Following this, the SCM was reflected while maintaining the position of the needles, allowing the IJV’s location relative to the needle at the ST apex to be observed and recorded. If the needle missed the IJV and was positioned either medially or laterally, the distance between the needle and the IJV midpoint was measured (Apex-IJV measurement). Additionally, the diameter of the IJV at the ST apex was measured, ensuring no compression of the vein walls. Two independent investigators recorded all measurements, and the mean of the two was calculated for further analysis.

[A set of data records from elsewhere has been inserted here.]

lemma trsv_asubstv:
  "trsv \<sigma> (asubstv k W V) = trsv (env_insert k (trsv \<sigma> W) \<sigma>) V"
  and trsc_asubstc:
  "trsc \<sigma> (asubstc k W M) ch = trsc (env_insert k (trsv \<sigma> W) \<sigma>) M ch"
proof (induction V and M arbitrary: k W \<sigma> and k W \<sigma> ch rule: aval.induct acomp.induct)
  case (ALam M)
  have "env_insert (Suc k) (trsv (env_up_lam \<sigma>) (aliftv 0 W)) (env_up_lam \<sigma>)
      = env_up_lam (env_insert k (trsv \<sigma> W) \<sigma>)"
    unfolding trsv_aliftv_0_env_up_lam
    by (rule ext) (auto simp: env_insert_def env_up_lam_def split: nat.split)
  then show ?case using ALam by simp
next
  case (ALet M N)
  have "env_insert (Suc k) (trsv (env_up \<sigma>) (aliftv 0 W)) (env_up \<sigma>)
      = env_up (env_insert k (trsv \<sigma> W) \<sigma>)"
    unfolding trsv_aliftv_0_env_up
    by (rule ext) (auto simp: env_insert_def env_up_def split: nat.split)
  then show ?case using ALet by simp
next
  case (ASpawn M)
  have "env_insert k (trsv (\<lambda>i. cliftv 0 (\<sigma> i)) W) (\<lambda>i. cliftv 0 (\<sigma> i))
      = (\<lambda>i. cliftv 0 (env_insert k (trsv \<sigma> W) \<sigma> i))"
    by (rule ext) (simp add: env_insert_def cliftv_trsv)
  then show ?case using ASpawn by simp
qed (auto simp: env_insert_def)

lemma trsc_beta_steps:
  "csteps (trsc \<sigma> (AApp (ALam M) V) ch) (trsc \<sigma> (asubstc 0 V M) ch)"
proof -
  let ?V = "trsv \<sigma> V"
  let ?body = "trsc (env_up_lam \<sigma>) M (CVar 0)"
  let ?Y = "csubstc 1 (cliftv 0 ?V) ?body"
  have take_arg: "cstep (trsc \<sigma> (AApp (ALam M) V) ch)
      (CLet (CReturn (CLam ?Y)) (CApp (CVar 0) (cliftv 0 ch)))"
    using cstep.intros(3)[OF cstep.intros(1)[of "CReturn (CLam ?body)" ?V]] by simp
  have return_fun: "cstep (CLet (CReturn (CLam ?Y)) (CApp (CVar 0) (cliftv 0 ch))) (CApp (CLam ?Y) ch)"
    using cstep.intros(2)[of "CLam ?Y" "CApp (CVar 0) (cliftv 0 ch)"] by (simp add: csubstv_cliftv)
  have take_channel: "cstep (CApp (CLam ?Y) ch) (csubstc 0 ch ?Y)"
    by (rule cstep.intros(1))
  have "(\<lambda>i. csubstv 0 ch (csubstv 1 (cliftv 0 ?V) (env_up_lam \<sigma> i))) = env_insert 0 ?V \<sigma>"
  proof
    fix i
    show "csubstv 0 ch (csubstv 1 (cliftv 0 ?V) (env_up_lam \<sigma> i)) = env_insert 0 ?V \<sigma> i"
    proof (cases i)
      case (Suc j)
      have "cliftv 0 (cliftv 0 (\<sigma> j)) = cliftv 1 (cliftv 0 (\<sigma> j))"
        using cliftv_cliftv[of 0 0 "\<sigma> j"] by simp
      then show ?thesis using Suc by (simp add: env_up_lam_def env_insert_def csubstv_cliftv)
    qed (simp add: env_up_lam_def env_insert_def csubstv_cliftv)
  qed
  then have "csubstc 0 ch ?Y = trsc \<sigma> (asubstc 0 V M) ch"
    by (simp add: csubstc_trsc trsc_asubstc)
  with take_arg return_fun take_channel show ?thesis
    by (metis r_into_rtranclp rtranclp_trans)
qed

lemma trsc_let_return_step:
  "cstep (trsc \<sigma> (ALet (AReturn V) M) ch) (trsc \<sigma> (asubstc 0 V M) ch)"
proof -
  have "(\<lambda>i. csubstv 0 (trsv \<sigma> V) (env_up \<sigma> i)) = env_insert 0 (trsv \<sigma> V) \<sigma>"
    by (rule ext) (simp add: env_up_def env_insert_def csubstv_cliftv split: nat.split)
  then have "csubstc 0 (trsv \<sigma> V) (trsc (env_up \<sigma>) M (cliftv 0 ch)) = trsc \<sigma> (asubstc 0 V M) ch"
    by (simp add: csubstc_trsc trsc_asubstc csubstv_cliftv)
  then show ?thesis
    using cstep.intros(2)[of "trsv \<sigma> V" "trsc (env_up \<sigma>) M (cliftv 0 ch)"] by simp
qed

lemma trsc_simulates_astep: "astep M1 M2 \<Longrightarrow> csteps (trsc \<sigma> M1 ch) (trsc \<sigma> M2 ch)"
proof (induction arbitrary: \<sigma> ch rule: astep.induct)
  case (1 M V)
  show ?case by (rule trsc_beta_steps)
next
  case (2 V M)
  show ?case using trsc_let_return_step by blast
next
  case (3 M M' N)
  then show ?case by (simp add: csteps_CLet)
qed

theorem lemma19:
  fixes D :: "nat \<Rightarrow> aty option" and G :: "aty list" and B A :: aty
    and M1 M2 :: acomp and \<alpha> :: cval
  assumes "ctyp D G B M1 A"
    and "astep M1 M2"
    and "(\<exists>n. \<alpha> = CVar n) \<or> (\<exists>a. \<alpha> = CName a)"
  shows "csteps (translate M1 \<alpha>) (translate M2 \<alpha>)"
  using trsc_simulates_astep[OF assms(2)] by (simp add: trc_eq_trsc)

end
lemma Npts_nth_ge_1: "x \<in> Npts n \<Longrightarrow> k < n \<Longrightarrow> x ! k \<ge> 1"
  by (simp add: Npts_def)

lemma IN_inf_large_points:
  assumes "\<alpha> \<in> IN_inf n"
  obtains M where "M \<ge> 1"
    "\<And>x k. x \<in> Npts n \<Longrightarrow> k < n \<Longrightarrow> x ! k \<ge> M \<Longrightarrow> x \<in> dom \<alpha> \<and> x \<in> ran \<alpha>"
proof -
  let ?F = "(Npts n - dom \<alpha>) \<union> (Npts n - ran \<alpha>)"
  have "finite (\<Union>x\<in>?F. set x)"
    using IN_inf_cofinite[OF assms] by simp
  then obtain M0 where M0: "\<forall>v\<in>(\<Union>x\<in>?F. set x). v < M0"
    by (auto simp: finite_nat_set_iff_bounded)
  show thesis
  proof (rule that[of "Suc M0"])
    fix x k assume x: "x \<in> Npts n" "k < n" "x ! k \<ge> Suc M0"
    then have "x ! k \<in> set x"
      by (simp add: Npts_def)
    moreover have "\<not> x ! k < M0"
      using x(3) by simp
    ultimately have "x \<notin> ?F"
      using M0 by blast
    with x(1) show "x \<in> dom \<alpha> \<and> x \<in> ran \<alpha>"
      by blast
  qed simp
qed
(* For $n\ge5$, the symmetric space $\mathrm{SL}_{n+1}\mathbb R/\mathrm{SO}(n+1)$ has property $\mathbf E$.
   Context: Property $\mathbf E$ for a symmetric space $X$ of noncompact type: for every $x\in X$ with stabilizer $K$ (in the identity component of the isometry group) and every maximal flat through $x$ with tangent space $\mathcal F\subset T_xX$, putting $r=\mathrm{rank}(X)$, for any basis $\{v_1,\dots,v_r\}$ of $\mathcal F$ there is an orthonormal $3r$-frame $v_1',v_1'',v_1''',\dots,v_r',v_r'',v_r'''$ of $T_xX$ with $\mathrm{span}\{v_i',v_i'',v_i'''\}\subset(\mathrm{span}\{K_i\cdot\mathcal F\})^\perp$ for each $i$, where $K_i$ is the stabilizer of $v_i$ in $K$ acting by derivatives. *)

theory Defs
  imports "HOL-Analysis.Analysis"
begin

text \<open>Model of X = SL_N(R)/SO(N) at the base point x = [I] (all points are
  equivalent under the transitive isometric action of SL_N(R)).  The tangent
  space T_x X is identified with p = symmetric traceless N x N matrices, with the
  (K-invariant, up to a positive scalar Killing) inner product tr(XY), which on
  symmetric matrices is the Euclidean inner product of real^'n^'n.  The
  stabilizer K = SO(N) acts on T_x X by derivatives, i.e. by conjugation.\<close>

definition tangent_p :: "(real^'n^'n) set" where
  "tangent_p = {X. transpose X = X \<and> trace X = 0}"

definition stabK :: "(real^'n^'n) set" where
  "stabK = {k. rotation_matrix k}"

definition Ad :: "real^'n^'n \<Rightarrow> real^'n^'n \<Rightarrow> real^'n^'n" where
  "Ad k X = k ** X ** transpose k"

text \<open>Tangent spaces at x of maximal flats through x are exactly the maximal
  abelian subspaces of p.\<close>
definition abelian_subspace :: "(real^'n^'n) set \<Rightarrow> bool" where
  "abelian_subspace F \<longleftrightarrow> subspace F \<and> F \<subseteq> tangent_p \<and>
     (\<forall>X\<in>F. \<forall>Y\<in>F. X ** Y = Y ** X)"

definition maximal_flat_tangent :: "(real^'n^'n) set \<Rightarrow> bool" where
  "maximal_flat_tangent F \<longleftrightarrow> abelian_subspace F \<and>
     (\<forall>G. abelian_subspace G \<and> F \<subseteq> G \<longrightarrow> G = F)"

definition stab_of :: "real^'n^'n \<Rightarrow> (real^'n^'n) set" where
  "stab_of v = {k \<in> stabK. Ad k v = v}"

definition orth_in_tangent :: "(real^'n^'n) set \<Rightarrow> (real^'n^'n) set" where
  "orth_in_tangent S = {Y \<in> tangent_p. \<forall>Z\<in>S. Y \<bullet> Z = 0}"

text \<open>Property E for SL_N(R)/SO(N) with N = CARD('n).  The rank r is dim F.
  The orthonormal 3r-frame is w i j, i < r, j < 3 (j = 0,1,2 for ', '', ''').\<close>
definition property_E_SL :: "'n::finite itself \<Rightarrow> bool" where
  "property_E_SL _ \<longleftrightarrow>
    (\<forall>F :: (real^'n^'n) set. maximal_flat_tangent F \<longrightarrow>
      (\<forall>v :: nat \<Rightarrow> real^'n^'n.
        (let r = dim F in
          ((\<forall>i<r. v i \<in> F) \<and> inj_on v {..<r} \<and> independent (v ` {..<r}) \<and>
            span (v ` {..<r}) = F) \<longrightarrow>
          (\<exists>w :: nat \<Rightarrow> nat \<Rightarrow> real^'n^'n.
             (\<forall>i<r. \<forall>j<3. w i j \<in> tangent_p \<and> norm (w i j) = 1) \<and>
             (\<forall>i<r. \<forall>j<3. \<forall>i'<r. \<forall>j'<3. (i, j) \<noteq> (i', j') \<longrightarrow> w i j \<bullet> w i' j' = 0) \<and>
             (\<forall>i<r. span {w i 0, w i 1, w i 2} \<subseteq>
                orth_in_tangent (span (\<Union>k\<in>stab_of (v i). Ad k ` F)))))))"

end

theory Submission
  imports Defs
begin

(* The basis matrices v_1, ..., v_r of the abelian subspace F commute and are symmetric, so
   they are simultaneously diagonalised by an orthonormal basis u_1, ..., u_N of R^N, with
   eigenvalues lam_i(a).  If lam_i(a) ~= lam_i(b), the unit matrix (u_a u_b^T + u_b u_a^T) / sqrt 2
   lies in p and is orthogonal to every matrix commuting with v_i, in particular to Ad k F for
   every k fixing v_i.  Matrices built from distinct pairs {a, b} are orthonormal, so it suffices
   to pick for every i three pairs separated by lam_i, all 3r pairs distinct.  By Hall's theorem
   this follows from a count: for a set S of indices the traceless matrices v_i, i in S, span an
   |S|-dimensional space meeting the scalars only in 0, so every a is separated from at least |S|
   points b by some lam_i, i in S; hence at least N |S| / 2 >= 3 |S| pairs are separated by S,
   using N >= 6. *)

section \<open>Hall's theorem and separated pairs\<close>

lemma Hall_condition_Diff_tight:
  fixes A :: "'i \<Rightarrow> 'b set"
  assumes fin: "finite I" "\<forall>i\<in>I. finite (A i)"
    and Hall: "\<forall>K\<subseteq>I. card K \<le> card (\<Union>(A ` K))"
    and J: "J \<subseteq> I" "card (\<Union>(A ` J)) \<le> card J"
  shows "\<forall>K\<subseteq>I - J. card K \<le> card (\<Union>i\<in>K. A i - \<Union>(A ` J))"
proof (intro allI impI)
  fix K assume K: "K \<subseteq> I - J"
  have finKJ: "finite K" "finite J" using K J(1) fin(1) finite_subset by blast+
  have "card K + card J = card (K \<union> J)"
    using K finKJ by (subst card_Un_disjoint) auto
  also have "\<dots> \<le> card (\<Union>(A ` (K \<union> J)))"
    using Hall K J(1) by (meson Diff_subset le_sup_iff order_trans)
  also have "\<dots> = card ((\<Union>i\<in>K. A i - \<Union>(A ` J)) \<union> \<Union>(A ` J))"
    by (rule arg_cong[where f = card]) blast
  also have "\<dots> = card (\<Union>i\<in>K. A i - \<Union>(A ` J)) + card (\<Union>(A ` J))"
    by (rule card_Un_disjoint) (use finKJ fin(2) K J(1) in auto)
  finally show "card K \<le> card (\<Union>i\<in>K. A i - \<Union>(A ` J))" using J(2) by linarith
qed

lemma Hall_condition_Diff_point:
  fixes A :: "'i \<Rightarrow> 'b set"
  assumes strict: "\<forall>K\<subseteq>I. K \<noteq> {} \<longrightarrow> K \<noteq> I \<longrightarrow> card K < card (\<Union>(A ` K))"
    and "i0 \<in> I"
  shows "\<forall>K\<subseteq>I - {i0}. card K \<le> card (\<Union>i\<in>K. A i - {x})"
proof (intro allI impI)
  fix K assume K: "K \<subseteq> I - {i0}"
  show "card K \<le> card (\<Union>i\<in>K. A i - {x})"
  proof (cases "K = {}")
    case False
    then have "card K < card (\<Union>(A ` K))" using strict K \<open>i0 \<in> I\<close> by blast
    moreover have "card (\<Union>(A ` K)) - 1 \<le> card (\<Union>(A ` K) - {x})"
      by (simp add: card_Diff_singleton_if)
    moreover have "(\<Union>i\<in>K. A i - {x}) = \<Union>(A ` K) - {x}" by blast
    ultimately show ?thesis by auto
  qed simp
qed

lemma inj_on_if_disjoint_images:
  assumes "inj_on f J" "inj_on g (I - J)" "f ` J \<subseteq> X" "g ` (I - J) \<inter> X = {}"
  shows "inj_on (\<lambda>i. if i \<in> J then f i else g i) I" (is "inj_on ?h I")
proof -
  have "inj_on ?h J" "inj_on ?h (I - J)"
    using assms(1,2) inj_on_cong[of J ?h f] inj_on_cong[of "I - J" ?h g] by auto
  moreover have "?h ` J \<inter> ?h ` (I - J) = {}" using assms(3,4) by auto
  ultimately have "inj_on ?h (J \<union> (I - J))" using inj_on_Un[of ?h J "I - J"] by blast
  then show ?thesis by (rule inj_on_subset) blast
qed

Data were analyzed using IBM SPSS Statistics version 24 (IBM Co.). Descriptive statistics, including means, standard deviations, and ranges, were used to summarize the measurements. Variability in the distance from the triangle’s apex to the IJV was assessed to determine the landmark’s reliability. Sex differences in measurements were analyzed using independent t-tests, with significance set at P<0.05.
This study was done retrospectively on cadavers obtained through institutional body donation gramme for teaching and research purpose body in compliance with the institutional ethical standards.
Results
Among the 23 cadavers (46 sides), 41 sides showed (92.00%) fully formed STs with three clear borders, while five sides (8.00%) (all belongs to left) showed no gap between the two heads of the SCM and presented with a longitudinal groove that only had a height measurement (Fig. 3). The mean height and width of ST was 64.30±7.86 mm (range: 50.86–80.56 mm) and 20.08±6.26 mm (range: 12.35–35.66 mm) on right side and 63.95±7.28 mm (range: 50.23–78.37 mm) and 15.56±9.91 mm (range: 0.00–35.78 mm) on left side. Diameter of the IJV at the apex of the triangle showed significant differences both between male and female and sides, whereas, height of ST showed significant differences between male and female only (Table 1).
Fig. 3.
Showing no gap between the two heads of the SCM and presented with a shallow groove. Tip of red arrows are directed towards the shallow longitudinal groove thus formed. SCM, sternocleidomastoid; c, clavicular head; s, sternal head; R, right; L, left; S, superior; I, inferior.
Table 1.
Morphometric measurements of the Sedillot’s triangle
| Parameter | Sample size (n) | Right side | Left side | P-value | Male | Female | P-value |
|---|---|---|---|---|---|---|---|
| ST height (mm) | 46 | 64.30±7.86 | 63.95±7.28 | 0.582 | 66.14±6.56 | 58.41±7.25 | 0.007 |
| ST width (mm) | 41 | 20.08±6.26 | 15.56±9.91 | 0.212 | 17.44±8.09 | 18.91±9.90 | 1.000 |
| Diameter of IJV (mm) | 46 | 7.34±1.00 | 6.39±0.76 | <0.001 | 7.17±0.92 | 6.00±0.67 | <0.001 |
| Apex-IJV distance (mm)a) | 11 | 4.17±5.51 | 5.69±6.54 | 0.395 | 4.97±5.98 | 4.83±6.45 | 0.978 |
Values are presented as mean±SD. ST, Sedillot’s triangle; IJV, internal jugular vein. a)Cases where IJV did not correspond to the apex of the ST.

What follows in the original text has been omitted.